Remember, it's only a traditional IRA that offers the possibility of a deduction. You can't deduct contributions to a Roth account or any company retirement plans, such as a 401(k) plan.

Student loan interest
For 2003 returns, you get to deduct up to $2,500 you paid in interest on a student loan. The loan must meet certain guidelines, primarily determined by your income and what the loan money was used for. Check out the 1040A instruction booklet for the requirements, as well as the worksheet on page 31 to figure out the exact amount to enter on line 18.

Tuition and fees
If you continued your education but didn't have to go into debt to do so, line 19 offers you a way to write off some of your schooling costs. You can claim here up to $3,000 in eligible tuition and fees. As with the student loan deduction, there are limits.

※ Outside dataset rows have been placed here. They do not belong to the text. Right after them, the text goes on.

(* Let $0<a,b<1$, $r>as$, $s>br$, and consider the autonomous system $(x_{n+1},y_{n+1})=T_{\alpha,\beta}(x_n,y_n)$ with constant $\alpha,\beta\in[0,1)$. (a) If $p_\alpha+q_\beta<4$ and $2-p_\alpha-q_\beta+\frac{p_\alpha q_\beta(1-ab)}{2}>0$, then the positive equilibrium $K=(p,q)$ is locally asymptotically stable. (b) If $\alpha\in(\alpha_*,1)$ and $\beta\in(\beta_*,1)$, where $$\alpha_*=\max\{1-2/p,\,0\},\qquad \beta_*=\max\Big\{1-\frac{2}{q(1-ab)}-\frac{4ab}{q(1-ab)[(1-\alpha)(1-ab)p-2]},\,0\Big\}\in[0,1),$$ then both inequalities in (a) hold, so $K$ is locally asymptotically stable.
   Context: $p=\frac{r-as}{1-ab}$, $q=\frac{s-br}{1-ab}$, $K=(p,q)$. $T_{\alpha,\beta}(x,y)=\big(x[(1-\alpha)e^{r-x-ay}+\alpha],\,y[(1-\beta)e^{s-bx-y}+\beta]\big)$. $p_\alpha=(1-\alpha)p$, $q_\beta=(1-\beta)q$. *)

theory Defs
  imports "HOL-Analysis.Analysis"
begin

definition Tmap :: "real \<Rightarrow> real \<Rightarrow> real \<Rightarrow> real \<Rightarrow> real \<Rightarrow> real \<Rightarrow> real \<times> real \<Rightarrow> real \<times> real" where
  "Tmap a b r s \<alpha> \<beta> = (\<lambda>(x, y).
     (x * ((1 - \<alpha>) * exp (r - x - a * y) + \<alpha>),
      y * ((1 - \<beta>) * exp (s - b * x - y) + \<beta>)))"

definition eq_p :: "real \<Rightarrow> real \<Rightarrow> real \<Rightarrow> real \<Rightarrow> real" where
  "eq_p a b r s = (r - a * s) / (1 - a * b)"

definition eq_q :: "real \<Rightarrow> real \<Rightarrow> real \<Rightarrow> real \<Rightarrow> real" where
  "eq_q a b r s = (s - b * r) / (1 - a * b)"

definition loc_asym_stable :: "('a::metric_space \<Rightarrow> 'a) \<Rightarrow> 'a \<Rightarrow> bool" where
  "loc_asym_stable f K \<longleftrightarrow>
     f K = K \<and>
     (\<forall>\<epsilon>>0. \<exists>\<delta>>0. \<forall>z. dist z K < \<delta> \<longrightarrow> (\<forall>n. dist ((f ^^ n) z) K < \<epsilon>)) \<and>
     (\<exists>\<eta>>0. \<forall>z. dist z K < \<eta> \<longrightarrow> (\<lambda>n. (f ^^ n) z) \<longlonglongrightarrow> K)"

end

(*
  At K the Jacobian of T is J = [[1 - P, -a P], [-b Q, 1 - Q]] with P = p_alpha, Q = q_beta, so
  tr J = 2 - P - Q and det J = 1 - P - Q + P Q (1 - ab). The hypotheses of (a) are the Jury conditions
  |tr J| < 1 + det J < 2: 1 + det J - tr J = P Q (1 - ab), 1 + det J + tr J is twice the second
  hypothesis, and det J < 1 because P Q (1 - ab) < P Q <= (P + Q)^2 / 4 < P + Q. Under these
  conditions an explicit solution of the Stein equation for the companion form of J is a positive
  definite quadratic form strictly contracted by J. Since T agrees with K + J (z - K) to first order,
  this form is a strict Lyapunov function for T near K.
  Part (b) is algebra: alpha > alpha_* means P < 2, and beta > beta_* is equivalent to the second
  hypothesis of (a), which together with P < 2 forces Q < 2.
*)
theory Submission
  imports Defs
begin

And if you claim the Hope or Lifetime Learning tax credits to pay some school costs for a student named as a dependent on your return, you cannot use the tuition and fees adjustment for that same student. Similarly, you can't use this deduction on expenses you already paid with tax-free scholarship, fellowship, grant, or education savings account funds, such as a Coverdell education savings account, tax-free savings bond interest or employer-provided education assistance. Uncle Sam doesn't like taxpayers double-dipping in the tax-break pool.

Adjusting your income
After taking your available adjustments on lines 16 through 19, enter the total on line 20. This figure, when subtracted from your total income amount on line 15, gives you your adjusted gross income, which you enter on line 21.
AGI is the key to many other tax steps. It determines whether you get certain credits or can use the full value of exemptions.

Tax, credits and payments
Most importantly, your AGI is the starting point (yes, the starting point even though you've now moved to the form's second page) for figuring your taxable income. You want to get your taxable income as low as possible, because the less you have, the smaller your tax bill.

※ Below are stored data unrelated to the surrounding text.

theorem proposition3p2:
  fixes \<theta> :: "real^('n::{finite,linorder}) \<Rightarrow> ereal"
    and g :: "real^('n::{finite,linorder})^('n::{finite,linorder}) \<Rightarrow> ereal"
  assumes g_def: "\<forall>X\<in>symmats. g X = \<theta> (eigvals X)"
    and sym: "symmetric_fun \<theta>"
    and lip: "loc_lipschitz_on_dom \<theta>"
  shows "(\<forall>X\<in>symmats. \<forall>v. \<bar>g X\<bar> \<noteq> \<infinity> \<longrightarrow>
            subderiv \<theta> (eigvals X) v = subderiv_on symmats g (Diag (eigvals X)) (Diag v))
       \<and> (\<forall>(\<Theta>::(real^('n::{finite,linorder})) set) (C::(real^('n::{finite,linorder})^('n::{finite,linorder})) set).
            symmetric_set \<Theta> \<and> C = {X\<in>symmats. eigvals X \<in> \<Theta>} \<longrightarrow>
            (\<forall>X\<in>C. tangent_cone \<Theta> (eigvals X) =
                     {v. Diag v \<in> tangent_cone C (Diag (eigvals X))}))"
proof -
  have "subderiv \<theta> (eigvals X) v = subderiv_on symmats g (Diag (eigvals X)) (Diag v)" for X v
    using g_def sym by (rule subderiv_spectral_Diag)
  moreover have "tangent_cone \<Theta> (eigvals X) = {v. Diag v \<in> tangent_cone C (Diag (eigvals X))}"
    if "symmetric_set \<Theta>" "C = {X\<in>symmats. eigvals X \<in> \<Theta>}" "X \<in> C"
    for \<Theta> C and X :: "real^('n::{finite,linorder})^('n::{finite,linorder})"
    using that tangent_cone_spectral_Diag[of \<Theta> "eigvals X"] by simp
  ultimately show ?thesis by blast
qed

end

To begin this whittling process, take your line 21 AGI amount and re-enter it on line 22.

Elderly and blind credits
Taxpayers who are 65 or older or visually impaired of any age need to take care to check the boxes on lines 23a. There is one for each spouse for couples filing jointly. And don't forget to enter the number of the boxes you check in the larger box to the right. If you are able to check the boxes, you'll get a larger standard deduction.

Conflicting spousal deductions
If you're one of the small group of taxpayers who is married but files separately from your spouse, don't overlook line 23b. You'll need to check this box if your spouse itemizes on his or her separate return, because that choice means you can't take the standard deduction; the IRS requires you to enter zero as your standard deduction amount on the next line.

In this case, you might consider itemizing yourself so you'll have the chance to get at least some deductions. If you do, you can stop reading now and head over to Bankrate's discussion of the long Form 1040 and Schedule A because that's what you'll have to file.

Standard deduction
If you can use the standard deduction, the amount for your filing status goes on line 24. For 2003 returns, single filers can deduct $4,750; married couples filing jointly or qualifying widows or widowers get $9,500; heads of households get $7,000; and married filing separately taxpayers who both opt for the standard deduction are allowed $4,750.

You have to use another instruction book worksheet (page 33) to figure your standard deduction if you checked any of the line 23 boxes or if someone can claim you (or your spouse if filing jointly) as a dependent.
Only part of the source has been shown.